Yesterday I went with Marcella and comps to MoMA’s film series, Documentary Fortnight, invited by friend Peter Snowdon, to see a new short film of his, We Are Going To Record. This was a nice piece, shot by his collaborator, Juan Javier Rivera, in a small village in the Peruvian Andes, where a large copper company has its sights on local deposits. Thwarted by lack of adequate funding to make the film they intended, Peter culled many hours of footage to make this droll commentary, which it is suggested is a metaphor for the indigenous people’s struggles with the copper company. I read it rather otherwise. The shots, in a small improvised studio are all static, of a handful of people brought in to record their memories, some music, some poems. What we see is the process of professional sound recordists from Lima setting up. We never hear a note played, the intended words said. Rather we get the complete failure of those doing the recording to be conscious of themselves and what they are putting these people through. As the film, 11 minutes long, plays out, it becomes a rather comic collision of cultural and social mores. Discreet, funny, sad, it has a hint of Pedro Costa in the simplicity with which it is done, though while the film itself is respectful of those who were to be recorded, it shows the curious failure of the pro’s to respect the natives. Very nice film.
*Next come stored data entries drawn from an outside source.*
(* Let $G$ be a good finite group and let $N$ be a normal subgroup of $G$ of index $2$. Then the cyclic subgroups $\langle x\rangle$, where $x$ ranges over the $2$-elements of $G$ lying in $G\setminus N$, are not all conjugate in $G$; that is, there exist $2$-elements $x,y\in G\setminus N$ such that $\langle x\rangle$ and $\langle y\rangle$ are not conjugate in $G$.
   Context: A finite group is called good if its Sylow-2 subgroup is trivial or noncyclic. A $2$-element of $G$ is an element whose order is a power of $2$. *)

theory Defs
  imports "HOL-Algebra.Algebra" "HOL-Computational_Algebra.Primes"
begin

definition sylow2_subgroup :: "('a, 'b) monoid_scheme \<Rightarrow> 'a set \<Rightarrow> bool" where
  "sylow2_subgroup G P \<longleftrightarrow> subgroup P G \<and> card P = 2 ^ multiplicity (2::nat) (order G)"

definition good_group :: "('a, 'b) monoid_scheme \<Rightarrow> bool" where
  "good_group G \<longleftrightarrow> (\<forall>P. sylow2_subgroup G P \<longrightarrow>
      P = {\<one>\<^bsub>G\<^esub>} \<or> \<not> cyclic_group (subgroup_generated G P))"

definition two_element :: "('a, 'b) monoid_scheme \<Rightarrow> 'a \<Rightarrow> bool" where
  "two_element G x \<longleftrightarrow> x \<in> carrier G \<and> (\<exists>k::nat. group.ord G x = 2 ^ k)"

definition conj_set :: "('a, 'b) monoid_scheme \<Rightarrow> 'a \<Rightarrow> 'a set \<Rightarrow> 'a set" where
  "conj_set G g H = (\<lambda>h. g \<otimes>\<^bsub>G\<^esub> h \<otimes>\<^bsub>G\<^esub> inv\<^bsub>G\<^esub> g) ` H"

end

(*
  Suppose every cyclic subgroup generated by a 2-element outside N were conjugate to C = <x>,
  where x lies in a Sylow 2-subgroup P but not in N (P is not contained in N as |G : N| = 2).
  Count the pairs (h, y) with h in G, y in P - N and <h x h^-1> = <y>.  For fixed y there are
  |N_G(C)| of them.  For fixed h there are |C - N| = |C|/2 of them if h x h^-1 lies in P, and
  none otherwise; and the number of such h is |P| times the number of right cosets of P fixed
  by x, which is odd since |G : P| is.  Hence |N_G(C)| = f |C| with f odd, so that
  N_P(C) = C.  But G is good, so P is not cyclic and C is a proper subgroup of the 2-group P,
  which cannot be self-normalizing.  Both parity statements come from counting fixed points of
  the 2-element x acting on cosets.
*)

theory Submission
  imports Defs
begin

lemma card_fixpoints_involution_mod_2:
  assumes "finite A" "\<forall>a\<in>A. f a \<in> A \<and> f (f a) = a"
  shows "card A mod 2 = card {a\<in>A. f a = a} mod 2"
  using assms
proof (induction "card A" arbitrary: A rule: less_induct)
  case less
  show ?case
  proof (cases "\<forall>a\<in>A. f a = a")
    case True
    then have "{a\<in>A. f a = a} = A" by auto
    then show ?thesis by simp
  next
    case False
    then obtain a where a: "a \<in> A" "f a \<noteq> a" by auto
    define A' where "A' = A - {a, f a}"
    have "f a \<in> A" using less a by auto
    then have card_A: "card A = card A' + 2"
      using a less(2) card_Diff_subset[of "{a, f a}" A] card_mono[of A "{a, f a}"]
      unfolding A'_def by auto
    have "f b \<in> A' \<and> f (f b) = b" if "b \<in> A'" for b
    proof -
      have b: "b \<in> A" "b \<noteq> a" "b \<noteq> f a"
        using that unfolding A'_def by auto
      then have "f (f b) = b" "f (f a) = a" "f b \<in> A"
        using less(3) a(1) by auto
      then show ?thesis
        using b unfolding A'_def by (metis Diff_iff insert_iff singletonD)
    qed
    then have "card A' mod 2 = card {b\<in>A'. f b = b} mod 2"
      using less card_A unfolding A'_def by (intro less(1)) auto
    moreover have "{b\<in>A'. f b = b} = {b\<in>A. f b = b}"
      unfolding A'_def using a less(3) by auto
    ultimately show ?thesis using card_A by simp
  qed
qed

lemma card_fixpoints_funpow_two_power_mod_2:
  assumes "finite A" "\<forall>a\<in>A. f a \<in> A" "\<forall>a\<in>A. (f ^^ (2 ^ k)) a = a"
  shows "card A mod 2 = card {a\<in>A. f a = a} mod 2"
  using assms(2,3)
proof (induction k arbitrary: f)
  case 0
  then have "{a\<in>A. f a = a} = A" by auto
  then show ?case by simp
next
  case (Suc k)
  have "f \<circ> f = f ^^ 2"
    by (simp add: numeral_2_eq_2)
  then have "(f \<circ> f) ^^ (2 ^ k) = f ^^ (2 ^ Suc k)"
    by (simp add: funpow_mult)
  then have "card A mod 2 = card {a\<in>A. (f \<circ> f) a = a} mod 2"
    using Suc.prems by (intro Suc.IH) (simp, simp del: comp_apply)
  also have "\<dots> = card {b\<in>{a\<in>A. (f \<circ> f) a = a}. f b = b} mod 2"
    using assms(1) Suc.prems(1) by (intro card_fixpoints_involution_mod_2) auto
  also have "{b\<in>{a\<in>A. (f \<circ> f) a = a}. f b = b} = {a\<in>A. f a = a}"
    by auto
  finally show ?case .
qed

lemma sum_card_filter_swap:
  assumes "finite A" "finite B"
  shows "(\<Sum>b\<in>B. card {a\<in>A. R a b}) = (\<Sum>a\<in>A. card {b\<in>B. R a b})"
proof -
  have card_filter: "card {x\<in>S. Q x} = (\<Sum>x\<in>S. if Q x then 1 else 0)"
    if "finite S" for S Q
    using that by (simp add: sum.If_cases Int_def)
  show ?thesis
    using assms by (simp add: card_filter) (rule sum.swap)
qed

context group
begin

lemma conjugation_group_hom:
  assumes "g \<in> carrier G"
  shows "group_hom G G (\<lambda>h. g \<otimes> h \<otimes> inv g)"
  using assms
  by (intro group_hom.intro group_hom_axioms.intro homI is_group)
     (auto simp: m_assoc, simp add: m_assoc [symmetric])

lemma conj_set_generate:
  assumes "g \<in> carrier G" "x \<in> carrier G"
  shows "conj_set G g (generate G {x}) = generate G {g \<otimes> x \<otimes> inv g}"
  using group_hom.generate_img[OF conjugation_group_hom[OF assms(1)], of "{x}"] assms(2)
  unfolding conj_set_def by simp

lemma conj_set_one: "H \<subseteq> carrier G \<Longrightarrow> conj_set G \<one> H = H"
  unfolding conj_set_def by (auto simp: subset_iff image_iff)

lemma conj_set_mult:
  assumes "a \<in> carrier G" "b \<in> carrier G" "H \<subseteq> carrier G"
  shows "conj_set G (a \<otimes> b) H = conj_set G a (conj_set G b H)"
  unfolding conj_set_def image_image
  using assms by (intro image_cong) (auto simp: inv_mult_group m_assoc subset_iff)

lemma card_conj_set:
  assumes "g \<in> carrier G" "H \<subseteq> carrier G"
  shows "card (conj_set G g H) = card H"
  unfolding conj_set_def
  using assms by (intro card_image inj_onI) (auto simp: subset_iff)

lemma normalizer_eq_conj_set:
  assumes "H \<subseteq> carrier G"
  shows "normalizer G H = {g \<in> carrier G. conj_set G g H = H}"
proof -
  have "(g <# H) #> inv g = conj_set G g H" for g
    unfolding conj_set_def l_coset_def r_coset_def by auto
  then show ?thesis
    using assms unfolding normalizer_def stabilizer_def by auto
qed

lemma mem_normalizer_generate:
  assumes fin: "finite (carrier G)" and x: "x \<in> carrier G" and g: "g \<in> carrier G"
    and conj: "g \<otimes> x \<otimes> inv g \<in> generate G {x}"
  shows "g \<in> normalizer G (generate G {x})"
proof -
  let ?C = "generate G {x}"
  have C: "subgroup ?C G"
    using x generate_is_subgroup by simp
  have "finite ?C"
    using finite_subset[OF subgroup.subset[OF C] fin] .
  have "conj_set G g ?C \<subseteq> ?C"
    using conj_set_generate[OF g x] conj C by (simp add: generate_subgroup_incl)
  moreover have "card (conj_set G g ?C) = card ?C"
    using card_conj_set g subgroup.subset[OF C] by blast
  ultimately have "conj_set G g ?C = ?C"
    using \<open>finite ?C\<close> card_subset_eq by blast
  then show ?thesis
    using g subgroup.subset[OF C] by (simp add: normalizer_eq_conj_set)
qed

lemma card_conjugators:
  assumes H: "H \<subseteq> carrier G" and g0: "g0 \<in> carrier G"
  shows "card {g \<in> carrier G. conj_set G g H = conj_set G g0 H} = card (normalizer G H)"
proof -
  have "{g \<in> carrier G. conj_set G g H = conj_set G g0 H} = (\<lambda>n. g0 \<otimes> n) ` normalizer G H"
  proof (intro equalityI subsetI)
    fix g assume "g \<in> {g \<in> carrier G. conj_set G g H = conj_set G g0 H}"
    then have g: "g \<in> carrier G" "conj_set G g H = conj_set G g0 H" by auto
    have "conj_set G (inv g0 \<otimes> g) H = conj_set G (inv g0) (conj_set G g0 H)"
      using g g0 H by (simp add: conj_set_mult)
    also have "\<dots> = H"
      using g0 H conj_set_mult[of "inv g0" g0 H] by (simp add: conj_set_one)
    finally have "inv g0 \<otimes> g \<in> normalizer G H"
      using g g0 H by (simp add: normalizer_eq_conj_set)
    moreover have "g = g0 \<otimes> (inv g0 \<otimes> g)"
      using g g0 by (simp add: m_assoc [symmetric])
    ultimately show "g \<in> (\<lambda>n. g0 \<otimes> n) ` normalizer G H" by blast
  next
    fix g assume "g \<in> (\<lambda>n. g0 \<otimes> n) ` normalizer G H"
    then obtain n where "n \<in> carrier G" "conj_set G n H = H" "g = g0 \<otimes> n"
      using H by (auto simp: normalizer_eq_conj_set)
    then show "g \<in> {g \<in> carrier G. conj_set G g H = conj_set G g0 H}"
      using g0 H by (simp add: conj_set_mult)
  qed
  moreover have "inj_on (\<lambda>n. g0 \<otimes> n) (normalizer G H)"
    using H by (intro inj_on_subset[OF inj_on_cmult[OF g0]]) (auto simp: normalizer_eq_conj_set)
  ultimately show ?thesis
    by (simp add: card_image)
qed

lemma rcos_eq_iff:
  assumes "subgroup H G" "a \<in> carrier G" "b \<in> carrier G"
  shows "H #> a = H #> b \<longleftrightarrow> a \<otimes> inv b \<in> H"
  using assms by (metis rcos_self repr_independence subgroup.rcos_module is_group)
The rest of the program was for me a surprising melange of near amateur “experimentalism” of a quality that I was surprised was being shown in the hallowed space of MoMA, and struck me as the kind of things I get from students, and a ghastly slickness in a 3D portrait of a prison in Norway, part of a Wim Wenders conceived package of films about “the souls of buildings.” This one was slick, the 3D meaningless and irritating, the voice-over grating, and the over-all thrust utterly wrong-headed. The audience responded with tepid applause.
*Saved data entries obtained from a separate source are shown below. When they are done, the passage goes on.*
lemma cohn_conj_recursion:
  assumes "m2_add (m2_mult A B) C = m2_smult (- k l) (word_matrix k \<sigma> xyz_word)"
  shows "cohn_conj C = m2_minus (m2_mult (cohn_conj A) (cohn_conj B)) (Dmat k l)"
proof -
  obtain a1 a2 a3 a4 b1 b2 b3 b4 c1 c2 c3 c4
    where "A = M2 a1 a2 a3 a4" "B = M2 b1 b2 b3 b4" "C = M2 c1 c2 c3 c4"
    by (metis m2.exhaust)
  then show ?thesis
    using assms[unfolded word_matrix_xyz] by (simp add: cohn_conj_def Dmat_def Kc_eq algebra_simps)
qed

lemma C01_eq: "C01 k \<sigma> = cohn_conj (word_matrix k \<sigma> (xyz_word @ [(Hor, False)]))"
  by (simp add: C01_def cohn_conj_def Kc_eq Xm_def Ym_def Zm_def m2_one_def algebra_simps)

lemma word_cohn_mediant:
  fixes a b c d :: nat
  assumes det: "b * c = a * d + 1" and "0 < a \<or> 0 < d"
  shows "word_cohn k \<sigma> (a+c, b+d) =
    m2_minus (m2_mult (word_cohn k \<sigma> (a,b)) (word_cohn k \<sigma> (c,d))) (Dmat k (\<sigma> (center_index (a+c, b+d))))"
proof (cases "a = 0")
  case True
  then have "b = 1" "c = 1" "1 \<le> d" using assms by simp_all
  then show ?thesis
    using word_matrix_one_succ[of "int d" k \<sigma>] trace_center_letter[of k \<sigma> 1 "d+1"] True
    by (auto simp: word_cohn_def C01_eq add.commute intro!: cohn_conj_recursion)
next
  case False
  have "int b * int c = int a * int d + 1" using det by (metis of_nat_1 of_nat_add of_nat_mult)
  moreover have "1 \<le> b" "1 \<le> c" using det by (cases b, simp_all, cases c, simp_all)
  ultimately show ?thesis
    using word_matrix_mediant[where a = "int a" and b = "int b" and c = "int c" and d = "int d"]
      trace_center_letter[of k \<sigma> "a+c" "b+d"] False
    by (auto simp: word_cohn_def intro!: cohn_conj_recursion)
qed

lemma word_cohn_base:
  "word_cohn k \<sigma> (0,1) = C01 k \<sigma>" "word_cohn k \<sigma> (1,1) = C11 k \<sigma>" "word_cohn k \<sigma> (1,0) = C10 k \<sigma>"
proof -
  show "word_cohn k \<sigma> (0,1) = C01 k \<sigma>" by (simp add: word_cohn_def)
  have "cutting_word 1 1 = [(Hor,True),(Diag,True),(Vert,True),(Diag,False)]"
    "cutting_word 1 0 = [(Hor,True),(Diag,True)]"
    by (simp_all add: cutting_word_def cutting_letter_def letter_type_def letter_sign_def
        diag_gap_def diag_col_def upt_rec)
  then show "word_cohn k \<sigma> (1,1) = C11 k \<sigma>" "word_cohn k \<sigma> (1,0) = C10 k \<sigma>"
    by (simp_all add: word_cohn_def C11_def C10_def cohn_conj_def Kc_eq Xm_def Ym_def Zm_def
        m2_one_def algebra_simps)
qed

lemma cohn_vertex_eq_word_cohn:
  "cohn_vertex k \<sigma> w = map_triple (word_cohn k \<sigma>) (farey_vertex w)"
proof (induction w)
  case Nil
  show ?case using word_cohn_base by simp
next
  case (Cons dir w)
  obtain a b c d where F: "farey_vertex w = ((a,b), (a+c,b+d), (c,d))" "b*c = a*d + 1" "0 < b" "0 < c"
    using farey_vertex_mediant by blast
  obtain m1 h m2 i m3 j where G: "gm_vertex k \<sigma> w = ((m1,h), (m2,i), (m3,j))"
    by (metis prod.exhaust)
  have labels: "h = \<sigma> (center_index (a,b))" "j = \<sigma> (center_index (c,d))"
    using gm_vertex_labels[of k \<sigma> w] F G by simp_all
  show ?case
  proof (cases dir)
    case True
    have "word_cohn k \<sigma> (a + (a+c), b + (b+d)) =
      m2_minus (m2_mult (word_cohn k \<sigma> (a,b)) (word_cohn k \<sigma> (a+c,b+d))) (Dmat k j)"
      using word_cohn_mediant[of b "a+c" a "b+d"] F labels
      by (simp add: center_index_mediant_mediant distrib_left)
    then show ?thesis using True Cons.IH F G by (simp add: mediant_def)
  next
    case False
    have "word_cohn k \<sigma> (a+c+c, b+d+d) =
      m2_minus (m2_mult (word_cohn k \<sigma> (a+c,b+d)) (word_cohn k \<sigma> (c,d))) (Dmat k h)"
      using word_cohn_mediant[of "b+d" c "a+c" d] F labels
      by (simp add: center_index_mediant_mediant distrib_right)
    then show ?thesis using False Cons.IH F G by (simp add: mediant_def)
  qed
qed

end

lemma Kc_kfun:
  assumes "\<sigma> permutes {1, 2, 3}"
  shows "Kc (kfun k1 k2 k3) = 3 + kfun k1 k2 k3 (\<sigma> 1) + kfun k1 k2 k3 (\<sigma> 2) + kfun k1 k2 k3 (\<sigma> 3)"
proof -
  let ?f = "kfun k1 k2 k3"
  have "\<sigma> 1 \<noteq> \<sigma> 2" "\<sigma> 1 \<noteq> \<sigma> 3" "\<sigma> 2 \<noteq> \<sigma> 3"
    using permutes_inj[OF assms] by (simp_all add: inj_eq)
  then have "?f (\<sigma> 1) + ?f (\<sigma> 2) + ?f (\<sigma> 3) = (\<Sum>i\<in>{1,2,3}. ?f (\<sigma> i))" by simp
  also have "\<dots> = (\<Sum>i\<in>{1,2,3}. ?f i)"
    using sum.permute[OF assms, of ?f] by (simp add: comp_def)
  also have "\<dots> = ?f 1 + ?f 2 + ?f 3" by simp
  finally show ?thesis by (simp add: Kc_def kfun_def)
qed

section \<open>Geometry of the shifted segment\<close>

fun edge_crossed :: "int \<Rightarrow> int \<Rightarrow> edge \<Rightarrow> bool" where
  "edge_crossed p q (Hor, i, j) \<longleftrightarrow> 0 \<le> j \<and> j < p \<and> p*i < j*q \<and> j*q \<le> p*(i+1)"
| "edge_crossed p q (Vert, i, j) \<longleftrightarrow> 0 \<le> i \<and> i < q \<and> q*j \<le> i*p \<and> i*p < q*(j+1)"
| "edge_crossed p q (Diag, i, j) \<longleftrightarrow> 0 \<le> i+j+1 \<and> i+j+1 < p+q \<and>
     i*(p+q) < (i+j+1)*q \<and> (i+j+1)*q \<le> (i+1)*(p+q)"

fun crossing_time :: "nat \<Rightarrow> nat \<Rightarrow> real \<Rightarrow> edge \<Rightarrow> real" where
  "crossing_time p q \<epsilon> (Hor, i, j) = of_int j / p"
| "crossing_time p q \<epsilon> (Vert, i, j) = (of_int i + \<epsilon>) / q"
| "crossing_time p q \<epsilon> (Diag, i, j) = (of_int (i+j+1) + \<epsilon>) / (p+q)"

lemma on_Hor_edge:
  "(\<exists>u\<in>{0..1::real}. (X, Y) = ((1-u)*x + u*(x+1), (1-u)*y + u*y)) \<longleftrightarrow> Y = y \<and> x \<le> X \<and> X \<le> x + 1"
  by (auto simp: algebra_simps intro!: bexI[of _ "X - x"])

lemma on_Vert_edge:
  "(\<exists>u\<in>{0..1::real}. (X, Y) = ((1-u)*x + u*x, (1-u)*y + u*(y+1))) \<longleftrightarrow> X = x \<and> y \<le> Y \<and> Y \<le> y + 1"
  by (auto simp: algebra_simps intro!: bexI[of _ "Y - y"])

lemma on_Diag_edge:
  "(\<exists>u\<in>{0..1::real}. (X, Y) = ((1-u)*x + u*(x+1), (1-u)*(y+1) + u*y)) \<longleftrightarrow>
    X + Y = x + y + 1 \<and> x \<le> X \<and> X \<le> x + 1"
  by (auto simp: algebra_simps intro!: bexI[of _ "X - x"])

lemma crosses_at_Hor_iff:
  fixes \<epsilon> :: real
  assumes "0 < p" "0 < \<epsilon>" "p*\<epsilon> < 1"
  shows "crosses_at p q \<epsilon> (Hor,i,j) s \<longleftrightarrow> s = crossing_time p q \<epsilon> (Hor,i,j) \<and> edge_crossed p q (Hor,i,j)"
proof -
  define \<delta> where "\<delta> = real p * \<epsilon>"
  have \<delta>: "0 < \<delta>" "\<delta> < 1" using assms by (simp_all add: \<delta>_def)
  have "crosses_at p q \<epsilon> (Hor,i,j) s \<longleftrightarrow> s = of_int j / p \<and> 0 \<le> s \<and> s < 1 \<and>
    of_int i \<le> -\<epsilon> + s*q \<and> -\<epsilon> + s*q \<le> of_int i + 1"
    unfolding crosses_at_def seg_point_def
    using on_Hor_edge[of "-\<epsilon> + s*q" "s*p" "of_int i" "of_int j"] assms(1)
    by (auto simp: eq_divide_eq)
  also have "\<dots> \<longleftrightarrow> s = of_int j / p \<and> 0 \<le> of_int j / p \<and> of_int j / p < (1::real) \<and>
    of_int i \<le> -\<epsilon> + of_int j / p * q \<and> -\<epsilon> + of_int j / p * q \<le> of_int i + 1"
    by (rule conj_cong[OF refl]) (simp only:)
  also have "\<dots> \<longleftrightarrow> s = of_int j / p \<and> 0 \<le> j \<and> j < p \<and>
    of_int (p*i) + \<delta> \<le> of_int (j*q) \<and> of_int (j*q) \<le> of_int (p*(i+1)) + \<delta>"
    using assms(1) by (intro conj_cong refl) (simp_all add: \<delta>_def field_simps of_int_less_of_nat_iff)
  finally show ?thesis
    unfolding of_int_add_frac_iff(1)[OF \<delta>, of "int p * i" "j * int q"]
      of_int_add_frac_iff(3)[OF \<delta>, of "j * int q" "int p * (i+1)"] by simp
qed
There was though one film which was quite good, Controversies, by Winnipeg filmmaker Ryan McKenna. Using archival tapes from a famed radio show, McKenna drolly shoots, in gorgeously done extreme wide-screen b&w, portraits of people in their homes, and some out of doors, tossing in a few actors (naked), and cityscapes, as we listen to comments phoned in for the show.
Owing a touch to Diane Arbus, and to Guy Maddin, McKenna makes a somewhat surreal and down-beat portrait of his home town. A bit on internet research suggests there is a whole school of Winnipeg filmmakers working in a vaguely similar tone.
In both cases, if chance let’s you have a look at these, I suggest you grab it.
On another level, in the NY Times read a puff piece on a Sundance favorite, so they said, English filmmaker Yann Demange. In it he is quoted this way:
“I saw images of the streets, and it was something like Cormac McCarthy’s descriptions in the book ‘The Road,’ ” he said. Sidewalks were torn up; burning cars filled the air with black smoke. “It looked like the apocalypse.” His film, he resolved in salty terms, would treat the scene as a moody thriller. “Every frame,” he said, “should have an element of mystery to it.”
The production still posted with the article, from his film about The Troubles in Northern Ireland, looked like this:
Boy, look at that grit, the uniform just out of the costume department, not worn 3 hours. And the spic and span kid. Yep, movie folks really know what real is. Like the glossied up botox brigade on last night’s spectacle in Hollywood.